Correspondance de Gustave Flaubert/Tome 6/1102

Louis Conard (Volume 6p. 118-119).

1102. À SA NIÈCE CAROLINE.
Croisset, mercredi, 3 heures [juin 1870].

Si je m’ennuie de toi, mon pauvre loulou ? Je crois bien ! Oui, je m’ennuie, et beaucoup, énormément ! n’ayant, depuis ton départ, personne à qui parler. Il est vrai que je ne deviens pas un monsieur facile. Mes pauvres nerfs ont été mis à de trop rudes épreuves, et ce qu’il me faudrait pour les calmer est hors de ma portée. Si je t’avais près de moi, ma chère Carolo, si je pouvais causer, chaque jour, pendant quelques heures avec ta gentille personne, comme ce serait bon ! Quel dommage que Neuville ne soit pas Croisset !

Aucune nouvelle, sauf la mort de la femme de chambre de Mme Husson, enlevée en trois jours par la variole. Hier, visite de Censier ; voilà tout. C’est peu.

Ta grand’mère va bien ; elle est partie à Rouen faire des courses, en fiacre.

Je suis au milieu de mon travail ; j’en ai encore pour un mois. Outre qu’il m’est pénible sous le côté du cœur, il est difficile en soi : j’ai peur de trop dire, ou pas assez.

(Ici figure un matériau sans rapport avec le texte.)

lemma tap_feasible_intensity:
  assumes "\<forall>j. 0 \<le> \<mu> j" and "\<forall>i. bench_x x \<mu> i \<le> x i k" and "\<forall>r. y r k \<le> bench_y y \<mu> r"
    and "\<forall>i. 0 < x i k" and "\<forall>r. 0 < y r k"
  shows "tap_feasible x y k (\<lambda>i. 1 - bench_x x \<mu> i / x i k) (\<lambda>r. bench_y y \<mu> r / y r k - 1) \<mu>"
proof -
  have "x i k \<noteq> 0" "y r k \<noteq> 0" for i r
    using assms(4,5) by (metis less_irrefl)+
  with assms show ?thesis
    unfolding tap_feasible_def by (auto simp: bench_x_def bench_y_def field_simps)
qed

lemma tap_optimal_bench_undominated:
  fixes x :: "'i::finite \<Rightarrow> 'j::finite \<Rightarrow> real" and y :: "'r::finite \<Rightarrow> 'j \<Rightarrow> real"
  assumes opt: "tap_optimal \<tau> x y k Q P \<pi>" and "0 < \<tau>"
    and xk: "\<forall>i. 0 < x i k" and yk: "\<forall>r. 0 < y r k" and \<mu>: "\<forall>j. 0 \<le> \<mu> j"
    and hx: "\<forall>i. bench_x x \<mu> i \<le> bench_x x \<pi> i" and hy: "\<forall>r. bench_y y \<pi> r \<le> bench_y y \<mu> r"
  shows "bench_x x \<mu> = bench_x x \<pi> \<and> bench_y y \<mu> = bench_y y \<pi>"
proof -
  have feas: "tap_feasible x y k Q P \<pi>"
    using opt unfolding tap_optimal_def by blast
  have nz: "\<forall>i. x i k \<noteq> 0" "\<forall>r. y r k \<noteq> 0"
    using xk yk by (metis less_irrefl)+
  have "0 \<le> Q i" "0 \<le> P r" for i r
    using feas unfolding tap_feasible_def by auto
  then have "\<forall>i. bench_x x \<pi> i \<le> x i k" "\<forall>r. y r k \<le> bench_y y \<pi> r"
    using tap_feasible_bench_x[OF feas] tap_feasible_bench_y[OF feas] xk yk
    by (simp_all add: mult_left_le less_imp_le)
  with hx hy have feas\<mu>:
      "tap_feasible x y k (\<lambda>i. 1 - bench_x x \<mu> i / x i k) (\<lambda>r. bench_y y \<mu> r / y r k - 1) \<mu>"
    using \<mu> xk yk by (intro tap_feasible_intensity) (auto intro: order_trans)
  then have "tap_obj \<tau> (\<lambda>i. 1 - bench_x x \<mu> i / x i k) (\<lambda>r. bench_y y \<mu> r / y r k - 1) \<le> tap_obj \<tau> Q P"
    using opt unfolding tap_optimal_def by blast
  then have "(\<Sum>i\<in>UNIV. 1 - bench_x x \<mu> i / x i k) + (\<Sum>r\<in>UNIV. bench_y y \<mu> r / y r k - 1)
      \<le> (\<Sum>i\<in>UNIV. 1 - bench_x x \<pi> i / x i k) + (\<Sum>r\<in>UNIV. bench_y y \<pi> r / y r k - 1)"
    unfolding tap_obj_feasible[OF feas\<mu> nz] tap_obj_feasible[OF feas nz] using \<open>0 < \<tau>\<close> by simp
  then have le: "(\<Sum>i\<in>UNIV. (bench_x x \<pi> i - bench_x x \<mu> i) / x i k)
      + (\<Sum>r\<in>UNIV. (bench_y y \<mu> r - bench_y y \<pi> r) / y r k) \<le> 0"
    by (simp add: diff_divide_distrib sum_subtractf)
  have gx: "\<forall>i. 0 \<le> (bench_x x \<pi> i - bench_x x \<mu> i) / x i k"
    using hx xk by (simp add: less_imp_le)
  have gy: "\<forall>r. 0 \<le> (bench_y y \<mu> r - bench_y y \<pi> r) / y r k"
    using hy yk by (simp add: less_imp_le)
  have "0 \<le> (\<Sum>i\<in>UNIV. (bench_x x \<pi> i - bench_x x \<mu> i) / x i k)"
    and "0 \<le> (\<Sum>r\<in>UNIV. (bench_y y \<mu> r - bench_y y \<pi> r) / y r k)"
    using gx gy by (simp_all add: sum_nonneg)
  with le have "(\<Sum>i\<in>UNIV. (bench_x x \<pi> i - bench_x x \<mu> i) / x i k) = 0"
    and "(\<Sum>r\<in>UNIV. (bench_y y \<mu> r - bench_y y \<pi> r) / y r k) = 0"
    by linarith+
  with gx gy nz show ?thesis
    by (auto simp: sum_nonneg_eq_0_iff fun_eq_iff)
qed

lemma tap_optimal_imp_cone_minimal:
  fixes x :: "'i::finite \<Rightarrow> 'j::finite \<Rightarrow> real" and y :: "'r::finite \<Rightarrow> 'j \<Rightarrow> real"
  assumes "tap_optimal \<tau> x y k Q P \<pi>" and "0 < \<tau>" and "\<forall>i. 0 < x i k" and "\<forall>r. 0 < y r k"
  shows "cone_minimal (\<lambda>j. activity (\<lambda>i. x i j) (\<lambda>r. y r j)) (activity (bench_x x \<pi>) (bench_y y \<pi>))"
  unfolding cone_minimal_def activity_bench[symmetric] activity_le_iff
  by (auto dest!: tap_optimal_bench_undominated[OF assms])

lemma tap_feasible_bench_pos:
  fixes x :: "'i::finite \<Rightarrow> 'j::finite \<Rightarrow> real" and y :: "'r::finite \<Rightarrow> 'j \<Rightarrow> real"
  assumes feas: "tap_feasible x y k Q P \<pi>" and "\<forall>i j. 0 < x i j" and "\<forall>r j. 0 < y r j"
  shows "0 < bench_x x \<pi> i" and "0 < bench_y y \<pi> r"
proof -
  have \<pi>: "\<forall>j. 0 \<le> \<pi> j" and "\<forall>r. 0 \<le> P r"
    using feas unfolding tap_feasible_def by auto
  then show y_pos: "0 < bench_y y \<pi> r" for r
    using tap_feasible_bench_y[OF feas] assms(3) by (simp add: add_pos_nonneg)
  have "\<exists>j. 0 < \<pi> j"
  proof (rule ccontr)
    assume "\<nexists>j. 0 < \<pi> j"
    with \<pi> have "\<pi> = (\<lambda>_. 0)"
      by (auto simp: fun_eq_iff not_less intro: order.antisym)
    then have "bench_y y \<pi> r = 0" for r
      by (simp add: bench_y_def)
    with y_pos show False
      by (metis less_irrefl)
  qed
  then obtain j where "0 < \<pi> j"
    by blast
  then have "0 < x i j * \<pi> j"
    using assms(2) by simp
  also have "\<dots> \<le> bench_x x \<pi> i"
    unfolding bench_x_def using \<pi> assms(2) by (intro member_le_sum) (auto intro!: mult_nonneg_nonneg simp: less_imp_le)
  finally show "0 < bench_x x \<pi> i" .
qed

lemma tvg_obj_bench:
  "tvg_obj (bench_x x \<pi>) (bench_y y \<pi>) v u =
     (\<Sum>j\<in>UNIV. \<pi> j * ((\<Sum>i\<in>UNIV. v i * x i j) - (\<Sum>r\<in>UNIV. u r * y r j)))"
proof -
  have "(\<Sum>i\<in>UNIV. v i * bench_x x \<pi> i) = (\<Sum>j\<in>UNIV. \<pi> j * (\<Sum>i\<in>UNIV. v i * x i j))"
    unfolding bench_x_def sum_distrib_left by (subst sum.swap) (simp add: mult_ac)
  moreover have "(\<Sum>r\<in>UNIV. u r * bench_y y \<pi> r) = (\<Sum>j\<in>UNIV. \<pi> j * (\<Sum>r\<in>UNIV. u r * y r j))"
    unfolding bench_y_def sum_distrib_left by (subst sum.swap) (simp add: mult_ac)
  ultimately show ?thesis
    by (simp add: tvg_obj_def right_diff_distrib sum_subtractf)
qed

lemma tvg_obj_bench_nonneg:
  assumes "\<forall>j. 0 \<le> \<pi> j" and "tvg_feasible x y (bench_x x \<pi>) (bench_y y \<pi>) \<tau> v u"
  shows "0 \<le> tvg_obj (bench_x x \<pi>) (bench_y y \<pi>) v u"
  using assms unfolding tvg_obj_bench tvg_feasible_def by (simp add: sum_nonneg)

lemma pt_efficiency_eq_ratio:
  "pt_efficiency xo yo v u = (\<Sum>r\<in>UNIV. u r * yo r) / (\<Sum>i\<in>UNIV. v i * xo i)"
  by (cases "(\<Sum>i\<in>UNIV. v i * xo i) = 0")
    (simp_all add: pt_efficiency_def Let_def mult.assoc flip: sum_distrib_left)

lemma pt_efficiency_zero_gap:
  assumes "tvg_feasible x y xo yo \<tau> v u" and "0 < \<tau>" and "tvg_obj xo yo v u = 0"
  shows "pt_efficiency xo yo v u = 1"
proof -
  have "0 < (\<Sum>i\<in>UNIV. v i * xo i)"
    using assms(1,2) unfolding tvg_feasible_def by (intro sum_pos) (auto simp: mult.commute intro: less_le_trans)
  with assms(3) show ?thesis
    by (simp add: pt_efficiency_eq_ratio tvg_obj_def)
qed

lemma ex_scale_ge_one:
  fixes f :: "'a::finite \<Rightarrow> real"
  assumes "\<forall>a. 0 < f a"
  shows "\<exists>c\<ge>0. \<forall>a. 1 \<le> c * f a"
proof (intro exI[of _ "\<Sum>a\<in>UNIV. 1 / f a"] conjI allI)
  show "0 \<le> (\<Sum>a\<in>UNIV. 1 / f a)"
    using assms by (simp add: sum_nonneg less_imp_le)
  fix a
  have "1 / f a \<le> (\<Sum>b\<in>UNIV. 1 / f b)"
    using assms by (intro member_le_sum) (simp_all add: less_imp_le)
  then show "1 \<le> (\<Sum>b\<in>UNIV. 1 / f b) * f a"
    using assms by (simp add: divide_le_eq)
qed

lemma tvg_zero_gap_of_support:
  fixes x :: "'i::finite \<Rightarrow> 'j::finite \<Rightarrow> real" and y :: "'r::finite \<Rightarrow> 'j \<Rightarrow> real"
  assumes p: "\<forall>l. 0 < p $ l" and pZ: "\<forall>j. 0 \<le> p \<bullet> activity (\<lambda>i. x i j) (\<lambda>r. y r j)"
    and pw: "p \<bullet> activity xo yo = 0" and "\<forall>i. 0 < xo i" and "\<forall>r. 0 < yo r"
  shows "\<exists>v u. tvg_feasible x y xo yo 1 v u \<and> tvg_obj xo yo v u = 0"
proof -
  have "\<forall>l. 0 < (case l of Inl i \<Rightarrow> xo i * p $ l | Inr r \<Rightarrow> yo r * p $ l)"
    using assms(4,5) p by (simp split: sum.split)
  from ex_scale_ge_one[OF this] obtain c where "0 \<le> c"
    and c: "\<forall>l. 1 \<le> c * (case l of Inl i \<Rightarrow> xo i * p $ l | Inr r \<Rightarrow> yo r * p $ l)"
    by blast
  define v where "v i = c * p $ Inl i" for i
  define u where "u r = c * p $ Inr r" for r
  have gap: "(\<Sum>i\<in>UNIV. v i * a i) - (\<Sum>r\<in>UNIV. u r * b r) = c * (p \<bullet> activity a b)" for a b
    by (simp add: inner_activity v_def u_def sum_distrib_left right_diff_distrib mult_ac)
  have "tvg_feasible x y xo yo 1 v u"
    unfolding tvg_feasible_def gap
  proof (intro conjI allI)
    show "0 \<le> c * (p \<bullet> activity (\<lambda>i. x i j) (\<lambda>r. y r j))" for j
      using \<open>0 \<le> c\<close> pZ by simp
    show "1 \<le> xo i * v i" for i
      using c[rule_format, of "Inl i"] by (simp add: v_def mult_ac)
    show "1 \<le> yo r * u r" for r
      using c[rule_format, of "Inr r"] by (simp add: u_def mult_ac)
  qed
  moreover have "tvg_obj xo yo v u = 0"
    unfolding tvg_obj_def gap pw by simp
  ultimately show ?thesis
    by blast
qed

lemma tvg_optimal_bench_iff_zero_gap:
  assumes \<pi>: "\<forall>j. 0 \<le> \<pi> j"
    and vu: "tvg_feasible x y (bench_x x \<pi>) (bench_y y \<pi>) \<tau> v u"
    and gap: "tvg_obj (bench_x x \<pi>) (bench_y y \<pi>) v u = 0"
  shows "tvg_optimal x y (bench_x x \<pi>) (bench_y y \<pi>) \<tau> v' u' \<longleftrightarrow>
    tvg_feasible x y (bench_x x \<pi>) (bench_y y \<pi>) \<tau> v' u' \<and> tvg_obj (bench_x x \<pi>) (bench_y y \<pi>) v' u' = 0"
  using vu gap tvg_obj_bench_nonneg[OF \<pi>] unfolding tvg_optimal_def by (metis order.antisym)

theorem theorem2:
  fixes x :: "'i::finite \<Rightarrow> 'j::finite \<Rightarrow> real"
    and y :: "'r::finite \<Rightarrow> 'j \<Rightarrow> real"
    and k :: 'j and \<tau> :: real
    and Q :: "'i \<Rightarrow> real" and P :: "'r \<Rightarrow> real" and \<pi> :: "'j \<Rightarrow> real"
  assumes "CARD('j) \<ge> 2 * (CARD('i) + CARD('r))"
    and "\<forall>i j. x i j > 0" and "\<forall>r j. y r j > 0"
    and "\<tau> > 0"
    and "tap_optimal \<tau> x y k Q P \<pi>"
  shows "(\<exists>v u. tvg_optimal x y (bench_x x \<pi>) (bench_y y \<pi>) 1 v u) \<and>
         (\<forall>v u. tvg_optimal x y (bench_x x \<pi>) (bench_y y \<pi>) 1 v u \<longrightarrow>
                pt_efficiency (bench_x x \<pi>) (bench_y y \<pi>) v u = 1)"
proof -
  have feas: "tap_feasible x y k Q P \<pi>"
    using assms(5) unfolding tap_optimal_def by blast
  then have \<pi>: "\<forall>j. 0 \<le> \<pi> j"
    unfolding tap_feasible_def by blast
  have "cone_minimal (\<lambda>j. activity (\<lambda>i. x i j) (\<lambda>r. y r j)) (activity (bench_x x \<pi>) (bench_y y \<pi>))"
    using assms(2-5) by (intro tap_optimal_imp_cone_minimal) auto
  from cone_minimal_strictly_positive_support[OF this \<pi> activity_bench]
  obtain p where "\<forall>l. 0 < p $ l" "\<forall>j. 0 \<le> p \<bullet> activity (\<lambda>i. x i j) (\<lambda>r. y r j)"
    "p \<bullet> activity (bench_x x \<pi>) (bench_y y \<pi>) = 0"
    by blast
  with tap_feasible_bench_pos[OF feas assms(2,3)]
  obtain v u where vu: "tvg_feasible x y (bench_x x \<pi>) (bench_y y \<pi>) 1 v u"
    and gap: "tvg_obj (bench_x x \<pi>) (bench_y y \<pi>) v u = 0"
    using tvg_zero_gap_of_support by blast
  note optimal_iff = tvg_optimal_bench_iff_zero_gap[OF \<pi> vu gap]
  show ?thesis
  proof (intro conjI exI allI impI)
    show "tvg_optimal x y (bench_x x \<pi>) (bench_y y \<pi>) 1 v u"
      using optimal_iff vu gap by blast
  next
    fix v' u'
    assume "tvg_optimal x y (bench_x x \<pi>) (bench_y y \<pi>) 1 v' u'"
    with optimal_iff show "pt_efficiency (bench_x x \<pi>) (bench_y y \<pi>) v' u' = 1"
      by (auto intro: pt_efficiency_zero_gap)
  qed
qed

end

Tu fais bien de te livrer au bon Plutarque : la fréquentation de ces bonshommes-là est tout ce qu’il y a de plus sain. Cela tonifie et élève. Moi, je relis les Conversations de Goethe et d’Eckermann, le soir dans mon lit et, comme comique (un comique très froid), toutes les professions de foi de MM.  les candidats démocratiques au conseil d’arrondissement. La platitude de ces idiots vaniteux me charme.

Je voudrais bien avoir ton étude de poissons, et encore plus l’artiste.

À bientôt, pauvre chérie. Malheureusement, notre entrevue ne sera pas longue.

Mes amitiés à Ernest.

Mes respects à Putzel[1].

Je t’embrasse bien fort.

Ton vieil oncle, qui continue à n’être pas gai.


  1. Une petite chienne, rapportée de Prusse.